I scrambled up and rolled to the other side of the bed, cursing the night under my breath. What a fleeting one it was. It seemed I had only nodded off a few munities ago. I knew it would take Yeye another two minutes to raise herself up from the bent position she had taken in order to wake me up. She would support her back with one hand, while the other rested on her knee. She would then wince as she hoisted herself up before walking away, her arms almost at ninety degrees to her sides. The woman was fat, with thick dark skin that never glowed; rough, dry skin as black as soot.

I wondered how she got the name Yeye. I had overheard some of the neighbours call her Iya Aje. That mama Benji and Iya Kausara were her cult mates. Isiaka, the mechanic swore to it, that they were all witches. If not why were they all widows, fat and balding? Yes, yeye had no hair. Well a ring of hair around her head, but that was it. I wondered how it got chopped off. Everyone also wondered why they all had funny looking cocks that crowed every morning. Not that having a cock was rare in these parts but these cocks were, well, odd. Yeye’s cock was a thin wiry thing. It had lost all its feathers except for a tuft on its back, and it challenged humans. You only had to move close to it to experience that. I hear Mama Benji’s cock is so fat it wouldn’t run, not even in the face of a butcher’s knife.

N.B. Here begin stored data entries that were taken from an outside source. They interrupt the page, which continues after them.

(* Let $\varphi>0$, $v_1,\dots,v_n>0$, let $\mathcal J\subseteq\{1,\dots,n\}^2$ be any set of ordered pairs ($(j,k)\in\mathcal J\Rightarrow j\le k$), $1-\alpha\in(0,1)$, $\delta=\alpha/(2|\mathcal J|)$, $v_{j:k}=\sum_{i=j}^kv_i$ and $Z_{j:k}=\frac1{v_{j:k}}\sum_{i=j}^kv_iY_i$. In the following two cases, the bounds $L^\alpha_{\mathbf Y,i}=\sup_{(j,k)\in\mathcal J:\mu_i\ge\mu_k}l^\delta(Z_{j:k},v_{j:k},\varphi,\kappa)$, $U^\alpha_{\mathbf Y,i}=\inf_{(j,k)\in\mathcal J:\mu_i\le\mu_j}u^\delta(Z_{j:k},v_{j:k},\varphi,\kappa)$ (which satisfy $\mathbb P(L^\alpha_{\mathbf Y,i}\le\mu_i\le U^\alpha_{\mathbf Y,i}\ \forall i)\ge1-\alpha$) are given explicitly by: (i) Gamma case ($Y_1,\dots,Y_n$ independent, $Y_i$ gamma with shape $v_i/\varphi$ and rate $v_i/(\varphi\mu_i)$, $\mu_i>0$, $\mu_1\le\dots\le\mu_n$): $L^\alpha_{\mathbf Y,i}=\sup_{(j,k)\in\mathcal J:\mu_i\ge\mu_k}\frac{v_{j:k}/\varphi}{q_\Gamma(1-\delta;v_{j:k}/\varphi,Z_{j:k})}\mathbf 1_{\{Z_{j:k}>0\}}$ and $U^\alpha_{\mathbf Y,i}=\inf_{(j,k)\in\mathcal J:\mu_i\le\mu_j}\frac{v_{j:k}/\varphi}{q_\Gamma(\delta;v_{j:k}/\varphi,Z_{j:k})}\mathbf 1_{\{Z_{j:k}>0\}}$, where $q_\Gamma(\delta;\gamma,c)$ is the $\delta$-quantile of the gamma distribution with shape $\gamma$ and rate $c$. (ii) Normal case ($Y_1,\dots,Y_n$ independent, $Y_i\sim\mathcal N(\mu_i,\varphi/v_i)$, $\mu_1\le\dots\le\mu_n$): $L^\alpha_{\mathbf Y,i}=\sup_{(j,k)\in\mathcal J:\mu_i\ge\mu_k}Z_{j:k}-\frac{\Phi^{-1}(1-\delta)}{\sqrt{v_{j:k}/\varphi}}$ and $U^\alpha_{\mathbf Y,i}=\inf_{(j,k)\in\mathcal J:\mu_i\le\mu_j}Z_{j:k}-\frac{\Phi^{-1}(\delta)}{\sqrt{v_{j:k}/\varphi}}$, with $\Phi^{-1}(\delta)$ the $\delta$-quantile of the standard normal distribution.
   Context: In both cases $Y_i\sim\mathrm{EDF}(\theta_i,v_i,\varphi,\kappa)$, an exponential dispersion family in reproductive form (density $\exp\{(y\theta-\kappa(\theta))/(\varphi/v)+a(y;v/\varphi)\}$) with mean $\mu_i=\kappa'(\theta_i)$ and canonical link $h=(\kappa')^{-1}$. For $W$ in this family with mean $\mu$ and volume $v$: $F(y;h(\mu),v,\varphi,\kappa)=\mathbb P(W\le y)$, $F^*(y;h(\mu),v,\varphi,\kappa)=\mathbb P(W<y)$; $l^{\delta}(y,v,\varphi,\kappa)=\inf\{\mu:F^*(y;h(\mu),v,\varphi,\kappa)\le1-\delta\}$, $u^{\delta}(y,v,\varphi,\kappa)=\sup\{\mu:F(y;h(\mu),v,\varphi,\kappa)\ge\delta\}$, over the mean parameter space ($(0,\infty)$ for gamma, $\mathbb R$ for normal), with $\inf\emptyset$ the supremum and $\sup\emptyset$ the infimum of the mean parameter space. *)

theory Defs
  imports "HOL-Probability.Probability"
begin

definition gamma_density :: "real \<Rightarrow> real \<Rightarrow> real \<Rightarrow> real" where
  "gamma_density a b x =
     (if x > 0 then b powr a * x powr (a - 1) * exp (- b * x) / Gamma a else 0)"

definition gamma_distr :: "real \<Rightarrow> real \<Rightarrow> real measure" where
  "gamma_distr a b = density lborel (\<lambda>x. ennreal (gamma_density a b x))"

definition normal_distr :: "real \<Rightarrow> real \<Rightarrow> real measure" where
  "normal_distr m s = density lborel (\<lambda>x. ennreal (normal_density m s x))"

definition quantile :: "real measure \<Rightarrow> real \<Rightarrow> real" where
  "quantile M p = Inf {x. measure M {..x} \<ge> p}"

definition q_gamma :: "real \<Rightarrow> real \<Rightarrow> real \<Rightarrow> real" where
  "q_gamma p shape rate = quantile (gamma_distr shape rate) p"

definition Phi_inv :: "real \<Rightarrow> real" where
  "Phi_inv p = quantile (normal_distr 0 1) p"

definition edf_gamma :: "real \<Rightarrow> real \<Rightarrow> real \<Rightarrow> real measure" where
  "edf_gamma mu v phi = gamma_distr (v / phi) (v / (phi * mu))"

definition edf_normal :: "real \<Rightarrow> real \<Rightarrow> real \<Rightarrow> real measure" where
  "edf_normal mu v phi = normal_distr mu (sqrt (phi / v))"

definition cdf_le :: "real measure \<Rightarrow> real \<Rightarrow> real" where
  "cdf_le M y = measure M {..y}"

definition cdf_lt :: "real measure \<Rightarrow> real \<Rightarrow> real" where
  "cdf_lt M y = measure M {..<y}"

text \<open>Generic: Ms = mean parameter space, D mu = law of W with mean mu.
  inf of the empty set is the supremum of Ms, sup of the empty set is the
  infimum of Ms (computed in the extended reals).\<close>
definition l_bound :: "real set \<Rightarrow> (real \<Rightarrow> real measure) \<Rightarrow> real \<Rightarrow> real \<Rightarrow> ereal" where
  "l_bound Ms D y \<delta> =
     (let S = {mu \<in> Ms. cdf_lt (D mu) y \<le> 1 - \<delta>}
      in if S = {} then Sup (ereal ` Ms) else Inf (ereal ` S))"

definition u_bound :: "real set \<Rightarrow> (real \<Rightarrow> real measure) \<Rightarrow> real \<Rightarrow> real \<Rightarrow> ereal" where
  "u_bound Ms D y \<delta> =
     (let S = {mu \<in> Ms. cdf_le (D mu) y \<ge> \<delta>}
      in if S = {} then Inf (ereal ` Ms) else Sup (ereal ` S))"

definition l_gamma :: "real \<Rightarrow> real \<Rightarrow> real \<Rightarrow> real \<Rightarrow> ereal" where
  "l_gamma \<delta> y v phi = l_bound {0<..} (\<lambda>mu. edf_gamma mu v phi) y \<delta>"

definition u_gamma :: "real \<Rightarrow> real \<Rightarrow> real \<Rightarrow> real \<Rightarrow> ereal" where
  "u_gamma \<delta> y v phi = u_bound {0<..} (\<lambda>mu. edf_gamma mu v phi) y \<delta>"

But whatever Yeye was, I didn’t care. One thing was clear to me, this Christmas I had to disappear.
I hurriedly did my chores and headed to Yeye’s shop across the street where she sold oil, garri, beans and rice. I liked to avoid Yeye in the mornings. She always woke up with a sour mood. I would hurry to the shop and wait to be joined by Funmike, an older girl who only worked for Yeye at the shop.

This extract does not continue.